Aan de inrichting hadden verscheidene kunstenaars die naam hadden binnen de neogotische beweging, hun medewerking verleend. Het hoogaltaar is het werk van de Antwerpse beeldhouwer Jan Gerrits. Ook de halfverheven medaillons onderaan het altaar en de sculpturen op het inmiddels naar het klooster van de grauwzusters in Rillaar overgebrachte retabel zijn van zijn hand. De drie medaillons beelden van links naar rechts het offer van Kaïn, het offer van Melchisedek en de Emmaüsgangers uit. De zijpanelen van het retabel werden geschilderd door de Antwerpse kunstenaar Jean-Baptiste Anthony en ook het tabernakel was werk van Antwerps talent, edelsmid Walterus Haan.

De befaamde Gentse glazenier Gustave Louis Ladon ontwierp voor de koorapsis zeven prachtige glasramen in neo-14de eeuwse gotische stijl. De driedimensionale weergave is ver doorgevoerd met uitzondering van de uniforme blauwe achtergronden, uitgewerkt in damaseringsmotieven. Elk tafereel is ingesloten en bekroond met een gotische baldakijnarchitectuur, toren- en luchtboogelementen.
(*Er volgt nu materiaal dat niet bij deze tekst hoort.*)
(* Assume the setting and algorithm described in the context. If $0<\alpha\le\min\Big\{\frac{1-\lambda^2}{16\lambda},\frac{\sqrt n}{\sqrt{8m}}\Big\}\frac1L$, then for all $k\ge0$, $$\mathbb E\big[\|y^{k+2}-Jy^{k+2}\|^2\big]\le\frac{1+\lambda^2}{2}\mathbb E\big[\|y^{k+1}-Jy^{k+1}\|^2\big]+\frac{30.5L^2}{1-\lambda^2}\mathbb E\big[\|x^k-Jx^k\|^2\big]+\frac{97L^2n}{8}\mathbb E[t^k]+\frac{16\lambda^2\alpha^2L^2n}{1-\lambda^2}\mathbb E\big[\|\overline{\nabla\mathbf f}(x^k)\|^2\big].$$
   Context: Setting. Let $n,m,p\ge1$ be integers and $\mathcal V=\{1,\dots,n\}$. For each $i\in\mathcal V$ and $j\in\{1,\dots,m\}$, $f_{i,j}:\mathbb R^p\to\mathbb R$ is differentiable and $L$-smooth for some $L>0$, i.e. $\|\nabla f_{i,j}(x)-\nabla f_{i,j}(y)\|\le L\|x-y\|$ for all $x,y\in\mathbb R^p$. Let $f_i:=\frac1m\sum_{j=1}^m f_{i,j}$ and $F:=\frac1n\sum_{i=1}^n f_i$, and assume $F^*:=\inf_{x\in\mathbb R^p}F(x)>-\infty$. Let $\underline W=(\underline w_{ir})\in\mathbb R^{n\times n}$ be a nonnegative, primitive, doubly stochastic matrix ($\underline W\mathbf 1_n=\mathbf 1_n$, $\mathbf 1_n^\top\underline W=\mathbf 1_n^\top$), and let $\lambda\in[0,1)$ be its second largest singular value. Any expression with $\lambda$ in a denominator is read as $+\infty$ when $\lambda=0$. Algorithm GT-SAGA with step-size $\alpha>0$: fix a deterministic $\bar x^0\in\mathbb R^p$; for all $i\in\mathcal V$ set $x_i^0=\bar x^0$, $z_{i,j}^0=x_i^0$ for all $j$, $y_i^0=0$, $g_i^{-1}=0$. For $k=0,1,2,\dots$ and every $i\in\mathcal V$: draw $\tau_i^k$ uniformly from $\{1,\dots,m\}$; set $g_i^k=\nabla f_{i,\tau_i^k}(x_i^k)-\nabla f_{i,\tau_i^k}(z_{i,\tau_i^k}^k)+\frac1m\sum_{j=1}^m\nabla f_{i,j}(z_{i,j}^k)$; set $y_i^{k+1}=\sum_{r=1}^n\underline w_{ir}(y_r^k+g_r^k-g_r^{k-1})$; set $x_i^{k+1}=\sum_{r=1}^n\underline w_{ir}(x_r^k-\alpha y_r^{k+1})$; draw $s_i^k$ uniformly from $\{1,\dots,m\}$; set $z_{i,j}^{k+1}=x_i^k$ if $j=s_i^k$ and $z_{i,j}^{k+1}=z_{i,j}^k$ otherwise. The family $\{\tau_i^k,s_i^k: i\in\mathcal V,k\ge0\}$ is independent. Notation. $x^k,y^k,g^k\in\mathbb R^{np}$ stack the $x_i^k$, $y_i^k$, $g_i^k$; $\nabla\mathbf f(x^k)\in\mathbb R^{np}$ stacks $\nabla f_i(x_i^k)$, $i=1,\dots,n$; $W=\underline W\otimes I_p$, $J=(\frac1n\mathbf 1_n\mathbf 1_n^\top)\otimes I_p$; $\bar x^k=\frac1n\sum_i x_i^k$, $\bar g^k=\frac1n\sum_i g_i^k$, $\overline{\nabla\mathbf f}(x^k)=\frac1n\sum_i\nabla f_i(x_i^k)$. $\mathcal F^0$ is the trivial $\sigma$-algebra and $\mathcal F^k=\sigma(\{\tau_i^t,s_i^t:i\in\mathcal V,\ t\le k-1\})$ for $k\ge1$. $t^k:=\frac1n\sum_{i=1}^n\frac1m\sum_{j=1}^m\|\bar x^k-z_{i,j}^k\|^2$. $\|\nabla\mathbf f(x^0)\|^2:=\sum_{i=1}^n\|\nabla f_i(\bar x^0)\|^2$. Norms are Euclidean (spectral for matrices); vector and matrix inequalities are entrywise. *)

theory Defs
  imports "HOL-Analysis.Analysis" "HOL-Probability.Product_PMF" "Jordan_Normal_Form.Char_Poly"
begin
De drielobben in het maaswerk zijn voorzien van symbolische voorstellingen, verwijzend naar de Christusfiguur.

Voor de uitvoering van het meubilair zoals het koorgestoelte, de preekstoel en de biechtstoelen stond het atelier van de Aarschotse meubelmaker Evrard Claessens in. Het orgel ten slotte was een werkstuk van de orgelbouwers Hubert Van de Loo en zoon uit Rotselaar.

Met de plaatsing van het orgel was de binneninrichting van de gasthuiskapel - op de decoratie van de muren na - in 1907 zo goed als voltooid.
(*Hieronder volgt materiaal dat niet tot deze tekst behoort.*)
lemma log_partition_s_Suc_le:
  assumes "Suc k \<le> T"
  defines "t \<equiv> real (Suc k)"
  shows "log_partition x y (s (Suc k)) - log_partition x y (s k)
           \<le> - (((t * (t + 1) / 2) *\<^sub>R w (Suc k) - ((t - 1) * t / 2) *\<^sub>R w k) \<bullet> w (Suc k)) / 4
              + (norm ((t / 4) *\<^sub>R (w (Suc k) - w k)))\<^sup>2 / 2"
proof -
  define a where "a = Atrans x y (p (Suc k))"
  define \<delta> where "\<delta> = (t / 4) *\<^sub>R (w (Suc k) - w k)"
  have "s (Suc k) = s k + (t / 4) *\<^sub>R w (Suc k)"
    using s_eq[OF assms(1)] s_eq[of k] assms(1) by (simp add: t_def scaleR_add_right)
  then have s_Suc: "s (Suc k) = u (Suc k) + \<delta>"
    using u_Suc_eq[OF assms(1), folded t_def] by (simp add: \<delta>_def algebra_simps)
  have s_k: "s k = u (Suc k) + - (t / 4) *\<^sub>R w k"
    using u_Suc_eq[OF assms(1)] by (simp add: t_def)
  have "log_partition x y (s (Suc k)) \<le> log_partition x y (u (Suc k)) - a \<bullet> \<delta> + (norm \<delta>)\<^sup>2 / 2"
    unfolding s_Suc a_def p_Suc_eq_gibbs_dist[OF assms(1)]
    by (rule log_partition_le_tangent_quadratic[OF x_norm y_sign])
  moreover have "log_partition x y (u (Suc k)) - a \<bullet> (- (t / 4) *\<^sub>R w k) \<le> log_partition x y (s k)"
    unfolding s_k a_def p_Suc_eq_gibbs_dist[OF assms(1)] by (rule log_partition_tangent_le)
  moreover have "a \<bullet> \<delta> - a \<bullet> (- (t / 4) *\<^sub>R w k)
      = ((t * (t + 1) / 2) *\<^sub>R w (Suc k) - ((t - 1) * t / 2) *\<^sub>R w k) \<bullet> w (Suc k) / 4"
  proof -
    have "a \<bullet> \<delta> - a \<bullet> (- (t / 4) *\<^sub>R w k) = (t *\<^sub>R a) \<bullet> w (Suc k) / 4"
      by (simp add: \<delta>_def inner_diff_right algebra_simps)
    moreover have "t *\<^sub>R a = (t * (t + 1) / 2) *\<^sub>R w (Suc k) - ((t - 1) * t / 2) *\<^sub>R w k"
      using scaled_w_eq_dual_sum[OF assms(1)] scaled_w_eq_dual_sum[of k] assms(1)
      by (simp add: t_def a_def dual_sum_def algebra_simps)
    ultimately show ?thesis
      by simp
  qed
  moreover have "(norm \<delta>)\<^sup>2 = (norm ((t / 4) *\<^sub>R (w (Suc k) - w k)))\<^sup>2"
    by (simp only: \<delta>_def)
  ultimately show ?thesis
    by linarith
qed

lemma potential_Suc_le:
  assumes "Suc k \<le> T"
  shows "potential (Suc k)
           \<le> potential k + real (Suc k) * (2 - real (Suc k)) / 32 * (norm (w (Suc k) - w k))\<^sup>2"
proof -
  define t where "t = real (Suc k)"
  have "potential (Suc k) - potential k
      = log_partition x y (s (Suc k)) - log_partition x y (s k)
        + (t * (t + 1) / 2 + t) * (norm (w (Suc k)))\<^sup>2 / 8 - (t - 1) * t / 2 * (norm (w k))\<^sup>2 / 8"
    by (simp add: potential_def t_def algebra_simps add_divide_distrib)
  then show ?thesis
    unfolding t_def[symmetric]
    using log_partition_s_Suc_le[OF assms, folded t_def] potential_increment_identity[of t "w (Suc k)" "w k"]
    by linarith
qed

lemma potential_zero: "potential 0 = ln (real CARD('n))"
  by (simp add: potential_def s0 log_partition_zero)

lemma potential_le:
  "t \<le> T \<Longrightarrow> potential t \<le> ln (real CARD('n)) + (norm (w 1))\<^sup>2 / 32"
proof (induction t)
  case 0
  then show ?case
    by (simp add: potential_zero)
next
  case (Suc k)
  show ?case
  proof (cases "k = 0")
    case True
    then show ?thesis
      using potential_Suc_le[OF Suc.prems] by (simp add: potential_zero w0)
  next
    case False
    then have "real (Suc k) * (2 - real (Suc k)) / 32 * (norm (w (Suc k) - w k))\<^sup>2 \<le> 0"
      by (intro mult_nonpos_nonneg divide_nonpos_pos mult_nonneg_nonpos) auto
    then show ?thesis
      using potential_Suc_le[OF Suc.prems] Suc.IH Suc.prems by linarith
  qed
qed

lemma norm_w1_le_1:
  assumes "1 \<le> T"
  shows "norm (w 1) \<le> 1"
  using scaled_w_eq_dual_sum[OF assms] norm_Atrans_le_1[OF p_in_simplex[OF order_refl assms] x_norm y_sign]
  by (simp add: dual_sum_def)
lemma harmonic_eq_0:
  fixes F :: "(nat \<Rightarrow> 'v \<Rightarrow> 'a) \<Rightarrow> real"
  assumes \<Lambda>: "finite \<Lambda>" and F_meas: "F \<in> borel_measurable (PiM {..<q} (\<lambda>_. Fprod))"
    and F_bounded: "\<And>\<zeta>. \<zeta> \<in> Omega_q q \<Longrightarrow> \<bar>F \<zeta>\<bar> \<le> B"
    and F_harmonic: "\<And>\<zeta>. \<zeta> \<in> Omega_q q \<Longrightarrow> integral\<^sup>L (PiM {..<q} (\<lambda>_. \<gamma> \<Lambda> \<zeta>)) F = F \<zeta>"
    and F_local: "\<And>\<zeta> \<zeta>'. \<zeta> \<in> Omega_q q \<Longrightarrow> \<zeta>' \<in> Omega_q q \<Longrightarrow>
      (\<And>i. i < q \<Longrightarrow> \<zeta>' i \<in> fiber \<Lambda> (\<zeta> i)) \<Longrightarrow> F \<zeta>' = F \<zeta>"
    and F_diag: "\<And>\<omega>. F (diag \<omega>) = 0"
    and \<eta>: "\<eta> \<in> Omega_q q"
  shows "F \<eta> = 0"
proof -
  have "F \<eta> \<le> 0"
    by (rule harmonic_le_0[OF assms])
  moreover have "- F \<eta> \<le> 0"
  proof (rule harmonic_le_0[OF \<Lambda>, where F = "\<lambda>\<zeta>. - F \<zeta>" and B = B])
    show "(\<lambda>\<zeta>. - F \<zeta>) \<in> borel_measurable (PiM {..<q} (\<lambda>_. Fprod))"
      using F_meas by (rule borel_measurable_uminus)
    show "\<bar>- F \<zeta>\<bar> \<le> B" if "\<zeta> \<in> Omega_q q" for \<zeta>
      using F_bounded[OF that] by simp
    show "integral\<^sup>L (PiM {..<q} (\<lambda>_. \<gamma> \<Lambda> \<zeta>)) (\<lambda>\<zeta>. - F \<zeta>) = - F \<zeta>"
      if "\<zeta> \<in> Omega_q q" for \<zeta>
      using F_harmonic[OF that] by simp
    show "- F \<zeta>' = - F \<zeta>"
      if "\<zeta> \<in> Omega_q q" "\<zeta>' \<in> Omega_q q" "\<And>i. i < q \<Longrightarrow> \<zeta>' i \<in> fiber \<Lambda> (\<zeta> i)" for \<zeta> \<zeta>'
      using F_local[OF that] by simp
    show "- F (diag \<omega>) = 0" for \<omega>
      using F_diag by simp
  qed (rule \<eta>)
  ultimately show ?thesis by simp
qed

lemma kernel_eq_avg_diag_kernel:
  assumes \<Lambda>: "finite \<Lambda>" and A: "A \<in> sets Fprod" and \<eta>: "\<eta> \<in> Omega_q q"
  shows "measure (\<gamma> \<Lambda> \<eta>) A = avg_diag_kernel \<Lambda> A \<eta>"
proof -
  define F where "F \<zeta> = measure (\<gamma> \<Lambda> \<zeta>) A - avg_diag_kernel \<Lambda> A \<zeta>" for \<zeta>
  have "F \<eta> = 0"
  proof (rule harmonic_eq_0[OF \<Lambda> _ _ _ _ _ \<eta>, where B=1])
    show "F \<in> borel_measurable (PiM {..<q} (\<lambda>_. Fprod))"
      unfolding F_def[abs_def]
      by (intro borel_measurable_diff borel_measurable_avg_diag_kernel[OF \<Lambda> A]
          borel_measurable_PiM_Fsub_imp_Fprod[OF kernel_measurable[OF \<Lambda> A]])
    show "\<bar>F \<zeta>\<bar> \<le> 1" if "\<zeta> \<in> Omega_q q" for \<zeta>
      using prob_space.prob_le_1[OF prob_space_kernel[OF \<Lambda> that], of A]
        avg_diag_kernel_le_1[OF \<Lambda>, of A \<zeta>]
        avg_diag_kernel_nonneg[of \<Lambda> A \<zeta>] measure_nonneg[of "\<gamma> \<Lambda> \<zeta>" A]
      unfolding F_def abs_le_iff by linarith
    show "integral\<^sup>L (PiM {..<q} (\<lambda>_. \<gamma> \<Lambda> \<zeta>)) F = F \<zeta>" if \<zeta>: "\<zeta> \<in> Omega_q q" for \<zeta>
    proof -
      have "integrable (PiM {..<q} (\<lambda>_. \<gamma> \<Lambda> \<zeta>)) (\<lambda>\<xi>. measure (\<gamma> \<Lambda> \<xi>) A)"
        using prob_space.prob_le_1[OF prob_space_kernel[OF \<Lambda>]]
        by (intro integrable_PiM_M1_bounded[OF kernel_in_M1[OF \<Lambda> \<zeta>], where B=1]
            borel_measurable_PiM_Fsub_imp_Fprod[OF kernel_measurable[OF \<Lambda> A]]) auto
      moreover have "integrable (PiM {..<q} (\<lambda>_. \<gamma> \<Lambda> \<zeta>)) (avg_diag_kernel \<Lambda> A)"
        using avg_diag_kernel_le_1[OF \<Lambda>] avg_diag_kernel_nonneg
        by (intro integrable_PiM_M1_bounded[OF kernel_in_M1[OF \<Lambda> \<zeta>], where B=1]
            borel_measurable_avg_diag_kernel[OF \<Lambda> A]) auto
      ultimately show ?thesis
        unfolding F_def[abs_def]
        by (simp add: kernel_consistent[OF \<Lambda> \<zeta> A] integral_PiM_kernel_avg_diag_kernel[OF \<Lambda> A \<zeta>])
    qed
    show "F \<zeta>' = F \<zeta>"
      if "\<zeta> \<in> Omega_q q" "\<zeta>' \<in> Omega_q q" "\<And>i. i < q \<Longrightarrow> \<zeta>' i \<in> fiber \<Lambda> (\<zeta> i)" for \<zeta> \<zeta>'
    proof -
      have "(\<Sum>i<q. diag_kernel \<Lambda> A (\<zeta>' i)) = (\<Sum>i<q. diag_kernel \<Lambda> A (\<zeta> i))"
        using that(3) by (intro sum.cong refl diag_kernel_local[OF \<Lambda>]) auto
      then show ?thesis
        using kernel_local[OF \<Lambda> that] by (simp add: F_def avg_diag_kernel_def)
    qed
    show "F (diag \<omega>) = 0" for \<omega>
      using q_ge_1 by (simp add: F_def avg_diag_kernel_def diag_kernel_def)
  qed
  then show ?thesis by (simp add: F_def)
qed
Bij de bouw van de nieuwe kapel vonden er in 1905 grondige aanpassingen plaats op de binnenkoer naast de oude (zie luchtfoto blz. 15, nr. 1) en de nieuwe kapel (zie luchtfoto blz. 15, nr. 9). De voormalige kapel werd opgedeeld in twee verdiepingen met verscheidene vertrekken. Hierbij werd de kloostergang langsheen de oude kapel afgebroken. Aan de overzijde werd een nieuwe kloostergang gebouwd met een deur op de binnenkoer en een verbinding naar het koor van de nieuwe kapel (zie luchtfoto blz. 15, nr. 3).

Rond 1920 zetten de zusters de verfraaiingswerken van hun kapel verder. In 1926 werd er gestart met de neogotische beschildering van de muren met onder meer gestileerde vrouwenhoofden (zie foto blz. 53). De kort na de Eerste Wereldoorlog met zijn gezin naar België geëmigreerde Hongaarse kunstenaar Gábor Balogh de Bëod schilderde een kruisweg als fresco op de muren.

Verder bracht hij ook een afbeelding van Sint-Franciscus van Assisi en van Sint-Elisabeth van Hongarije aan, respectievelijk links en rechts van de kooringang.

Hiermee was het sluitstuk van de afwerking van het kapelinterieur gelegd.

Het verdwenen lazaret

Het woord “lazaret” betekende ziekenhuis voor lijders aan de lazarusziekte of melaatsheid. Later werd de betekenis uitgebreid tot veldhospitaal.

Bij Koninklijk Besluit van 30 april 1912 kregen de Burgerlijke Godshuizen van Aarschot toelating een afgezonderd hospitaal met ontsmettingsstation en lijkhuis te bouwen.

Op 21 juni had de publieke aanbesteding plaats. Het bestek beliep 42.173,55 fr. en werd voor 40.840 fr. toegewezen aan de Aarschotse aannemer Hendrik Geysels uit de Statiestraat. De Bestendige Deputatie keurde de toewijzing goed op 3 juli.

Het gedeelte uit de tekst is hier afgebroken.